Speaker B:Well, it was, I had five at the time and it was going school supply shopping.
Speaker B:And so I had printed their list out and I had given the top three going to school their list for what they needed.
Speaker B:And we went to the school section of, you know, the, the store where they have all the school supplies.
Speaker B:And I, I had it a toddler in one of those little umbrella strollers.
Speaker B:And then I had a baby in an infant carrier in a cart.
Speaker B:So I had the two little ones with me with the three bigger ones, empty carts by me.
Speaker B:And the three bigger ones would walk to whatever that was on their list and they would get it, they would show it to me, and I would say, yes, put it in the cart, or no, don't they have something else?
Speaker B:And we were doing this whole thing and I was really on top of trying to be organized with all of this and making this go so well.
Speaker B:Well, the toddler decided that she wanted a little, and it was a silly little lunchbox.
Speaker B:And I said no.
Speaker B:Well, in our house, no means no, and we're not giving in to a tantrum.
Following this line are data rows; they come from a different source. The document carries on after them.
text \<open>A history in the tree event of a labelling determines the labelling: the label of node
  c > 0 is the target of the edge tree_edge c, which only depends on the label of its parent.\<close>
lemma tree_events_disjoint:
  assumes lab1: "lab1 \<in> tree_labellings t k v" and lab2: "lab2 \<in> tree_labellings t k v"
    and v: "t div 2 < v" "v \<le> t"
    and xs1: "xs \<in> labelled_tree.tree_event m t k lab1"
    and xs2: "xs \<in> labelled_tree.tree_event m t k lab2"
  shows "lab1 = lab2"
proof -
  interpret T1: labelled_tree m \<delta> t k v lab1 using labelled_tree_of_labelling[OF lab1 v] .
  interpret T2: labelled_tree m \<delta> t k v lab2 using labelled_tree_of_labelling[OF lab2 v] .
  have eq: "lab1 q = lab2 q" if "q < tree_size m (Suc k)" for q
    using that
  proof (induction q rule: less_induct)
    case (less q)
    show ?case
    proof (cases "q = 0")
      case True
      then show ?thesis using T1.root_label T2.root_label by simp
    next
      case False
      have "(q - 1) div m < q" using T1.parent_less False by simp
      then have "T1.tree_edge q = T2.tree_edge q"
        using less unfolding T1.tree_edge_def T2.tree_edge_def by simp
      moreover have "xs ! T1.tree_edge q = lab1 q"
        using T1.tree_event_tree_edge[OF xs1, of q] False less.prems by simp
      moreover have "xs ! T2.tree_edge q = lab2 q"
        using T2.tree_event_tree_edge[OF xs2, of q] False less.prems by simp
      ultimately show ?thesis by simp
    qed
  qed
  show ?thesis
    using lab1 lab2 eq unfolding tree_labellings_def by (intro PiE_ext) auto
qed

lemma measure_min_k_connected_ge:
  assumes v: "t div 2 < v" "v \<le> t" and "4 \<le> t" "hit_ub t k \<le> 1"
  shows "real (label_gap t k ^ (m * tree_size m k)) *
      (forced_lb t ^ (m * tree_size m k) * (1 - hit_ub t k) ^ (m * t))
    \<le> measure (PA m \<delta> t) {xs. min_k_connected m t xs k v}"
proof -
  define c where "c = forced_lb t ^ (m * tree_size m k) * (1 - hit_ub t k) ^ (m * t)"
  define U where "U = (\<Union>lab\<in>tree_labellings t k v. labelled_tree.tree_event m t k lab)"
  have fin: "finite (tree_labellings t k v)"
    unfolding tree_labellings_def label_interval_def by (intro finite_PiE) auto
  have each: "c \<le> measure (PA m \<delta> t) (labelled_tree.tree_event m t k lab)"
    if "lab \<in> tree_labellings t k v" for lab
  proof -
    interpret labelled_tree m \<delta> t k v lab using labelled_tree_of_labelling[OF that v] .
    show ?thesis using measure_tree_event_ge assms(3,4) unfolding c_def by simp
  qed
  have "disjoint_family_on (labelled_tree.tree_event m t k) (tree_labellings t k v)"
    unfolding disjoint_family_on_def using tree_events_disjoint[OF _ _ v] by blast
  then have "measure (PA m \<delta> t) U
      = (\<Sum>lab\<in>tree_labellings t k v. measure (PA m \<delta> t) (labelled_tree.tree_event m t k lab))"
    unfolding U_def by (intro measure_pmf.finite_measure_finite_Union fin) auto
  also have "\<dots> \<ge> real (card (tree_labellings t k v)) * c"
    using sum_mono[OF each] by simp
  finally have "real (card (tree_labellings t k v)) * c \<le> measure (PA m \<delta> t) U" .
  also have "\<dots> = measure (PA m \<delta> t) (U \<inter> set_pmf (PA m \<delta> t))"
    by (simp add: measure_Int_set_pmf)
  also have "\<dots> \<le> measure (PA m \<delta> t) {xs. min_k_connected m t xs k v}"
  proof (rule measure_pmf.finite_measure_mono)
    show "U \<inter> set_pmf (PA m \<delta> t) \<subseteq> {xs. min_k_connected m t xs k v}"
      unfolding U_def
    proof safe
      fix lab xs
      assume "lab \<in> tree_labellings t k v" "xs \<in> labelled_tree.tree_event m t k lab"
        "xs \<in> set_pmf (PA m \<delta> t)"
      moreover have "length xs = m * t"
        using pa_hist_valid \<open>xs \<in> set_pmf (PA m \<delta> t)\<close> unfolding PA_def pa_valid_hist_def by auto
      ultimately show "min_k_connected m t xs k v"
        using labelled_tree.root_min_k_connected[OF labelled_tree_of_labelling[OF _ v]] by blast
    qed
  qed simp
  finally show ?thesis unfolding c_def card_tree_labellings .
qed

lemma expectation_M_count_ge:
  assumes "4 \<le> t" "hit_ub t k \<le> 1"
  shows "real (t - t div 2) * (real (label_gap t k ^ (m * tree_size m k)) *
      (forced_lb t ^ (m * tree_size m k) * (1 - hit_ub t k) ^ (m * t)))
    \<le> measure_pmf.expectation (PA m \<delta> t) (\<lambda>xs. real (M_count m t xs k))"
    (is "_ * ?c \<le> _")
proof -
  define V where "V = {t div 2<..t}"
  have count: "real (M_count m t xs k) = (\<Sum>v\<in>V. indicator {xs. min_k_connected m t xs k v} xs)" for xs
  proof -
    have "{v. min_k_connected m t xs k v} = V \<inter> {v. min_k_connected m t xs k v}"
      unfolding V_def min_k_connected_def by auto
    then have "real (M_count m t xs k) = (\<Sum>v\<in>V \<inter> {v. min_k_connected m t xs k v}. 1)"
      unfolding M_count_def by simp
    also have "\<dots> = (\<Sum>v\<in>V. if v \<in> {v. min_k_connected m t xs k v} then 1 else 0)"
      by (rule sum.inter_restrict) (simp add: V_def)
    also have "\<dots> = (\<Sum>v\<in>V. indicator {xs. min_k_connected m t xs k v} xs)"
      by (rule sum.cong) (simp_all add: indicator_def)
    finally show ?thesis .
  qed
  have "integrable (measure_pmf (PA m \<delta> t)) (indicator A :: _ \<Rightarrow> real)" for A
    by (rule measure_pmf.integrable_const_bound[where B = 1]) auto
  then have "measure_pmf.expectation (PA m \<delta> t) (\<lambda>xs. real (M_count m t xs k))
      = (\<Sum>v\<in>V. measure (PA m \<delta> t) {xs. min_k_connected m t xs k v})"
    unfolding count by (subst Bochner_Integration.integral_sum) auto
  also have "\<dots> \<ge> (\<Sum>v\<in>V. ?c)"
    using measure_min_k_connected_ge assms unfolding V_def by (intro sum_mono) auto
  finally show ?thesis unfolding V_def by simp
qed

end

section \<open>Asymptotics\<close>

lemma exp_le_one_minus_power:
  fixes x :: real
  assumes "0 \<le> x" "x \<le> 1/2"
  shows "exp (- (2 * real n * x)) \<le> (1 - x) ^ n"
proof -
  have "x * x \<le> 1/2 * x" using assms by (intro mult_right_mono) auto
  then have "- 2 * x \<le> ln (1 - x)"
    using ln_one_minus_pos_lower_bound[OF assms] by (simp add: power2_eq_square)
  then have "exp (- (2 * real n * x)) \<le> exp (real n * ln (1 - x))"
    using mult_left_mono[of "- 2 * x" "ln (1 - x)" "real n"] by simp
  also have "\<dots> = (1 - x) ^ n" using assms by (simp add: exp_of_nat_mult)
  finally show ?thesis .
qed

lemma real_nat_round_le: "x \<le> y \<Longrightarrow> 0 \<le> y \<Longrightarrow> real (nat (round x)) \<le> y + 1"
  using of_int_round_le[of x] by (simp add: real_nat)

lemma tree_size_le_ln_powr:
  fixes t \<eta> :: real
  assumes "2 \<le> m" "0 < ln t" "real k \<le> \<eta> * ln (ln t) / ln (real m) + 1"
  shows "real (tree_size m (Suc k)) \<le> real m ^ 2 * ln t powr \<eta>"
proof -
  have m: "1 < real m" "0 < ln (real m)" using assms(1) by simp_all
  have "real (tree_size m (Suc k)) \<le> real (m ^ Suc k)"
    using tree_size_le_power[OF assms(1), of "Suc k"] by linarith
  also have "\<dots> = real m powr real (Suc k)"
    using powr_realpow[of "real m" "Suc k"] m by (simp only: of_nat_power)
  also have "\<dots> \<le> real m powr (\<eta> * ln (ln t) / ln (real m) + 2)"
    using assms(3) m by (intro powr_mono) auto
  also have "\<dots> = real m powr (\<eta> * ln (ln t) / ln (real m)) * real m powr 2" by (simp add: powr_add)
  also have "real m powr (\<eta> * ln (ln t) / ln (real m)) = ln t powr \<eta>"
    using m assms(2) unfolding powr_def by simp
  also have "real m powr 2 = real m ^ 2" using m by (simp add: powr_realpow[of _ 2, simplified])
  finally show ?thesis by (simp add: mult.commute)
qed

context pa_model
begin

definition \<gamma> :: real where
  "\<gamma> = (real m + \<delta>) / (24 * real m)"

lemma \<gamma>_pos: "0 < \<gamma>" and \<gamma>_le_1: "\<gamma> \<le> 1"
  unfolding \<gamma>_def using delta_gt delta_neg m_ge_2 by (simp_all add: field_simps)

lemma hit_ub_le:
  assumes "16 \<le> t"
  shows "hit_ub t k \<le> 16 * real (tree_size m (Suc k)) / real t"
proof -
  define N where "N = real (tree_size m (Suc k))"
  have "t \<le> 4 * (t div 4) + 3" by linarith
  then have "real t \<le> 4 * real (t div 4) + 3" by (metis of_nat_le_iff of_nat_add of_nat_mult of_nat_numeral)
  then have "real t / 8 \<le> real (t div 4)" using assms by linarith
  moreover have "0 \<le> N" "2 \<le> real m" using m_ge_2 unfolding N_def by simp_all
  ultimately have "N * (real m + 2) / (real m * real (t div 4)) \<le> N * (2 * real m) / (real m * (real t / 8))"
    using assms by (intro frac_le mult_left_mono mult_mono) auto
  also have "\<dots> = 16 * N / real t" using m_pos assms by (simp add: field_simps)
  finally show ?thesis unfolding hit_ub_def N_def .
qed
Speaker B:This isn't happening.
Speaker B:And the tantrum just blew up.
Speaker B:Well, she was so little at the time, she couldn't unbuckle her little belt to get out of that chair.
Speaker B:So she started like bloody murder, screaming, face beat red.
Speaker B:It was terrible.
Speaker B:So, so I looked at the other kids and I said, all right, here's what we're going to do.
Speaker B:I took the baby in the infant car seat and I picked her up and I had the oldest one pushed the toddler screaming in the stroller.
Speaker B:And I pulled all three cards up to the front and I found a manager and I said, hey, I need you to do me a favor.
Speaker B:I, I will have to handle this situation real quick.
Speaker B:Can you hold these cards for me?
Speaker B:I promise we'll be back.
Speaker B:And they, they're like, oh, yeah, no problem, no problem.
Speaker B:So we get out to the car and I'm literally having to like, for, like, she, as, as my oldest daughter is trying to push this kid down the hallway.
Speaker B:She's pushing on that little bar, on that little umbrella stroller so the wheels won't move.
Speaker B:So I said, just pop her back up on two wheels so she can, so we can get out of here.
Speaker B:So she pops her up on two wheels, we get out of there.
Speaker B:I'm putting her in her car seat.
Speaker B:She won't sit back.
Speaker B:So I'm shoving her down on her chest.
Speaker B:And because I can't get her five point harness buckled, it was a whole thing.
Speaker B:And the office wasn't far away.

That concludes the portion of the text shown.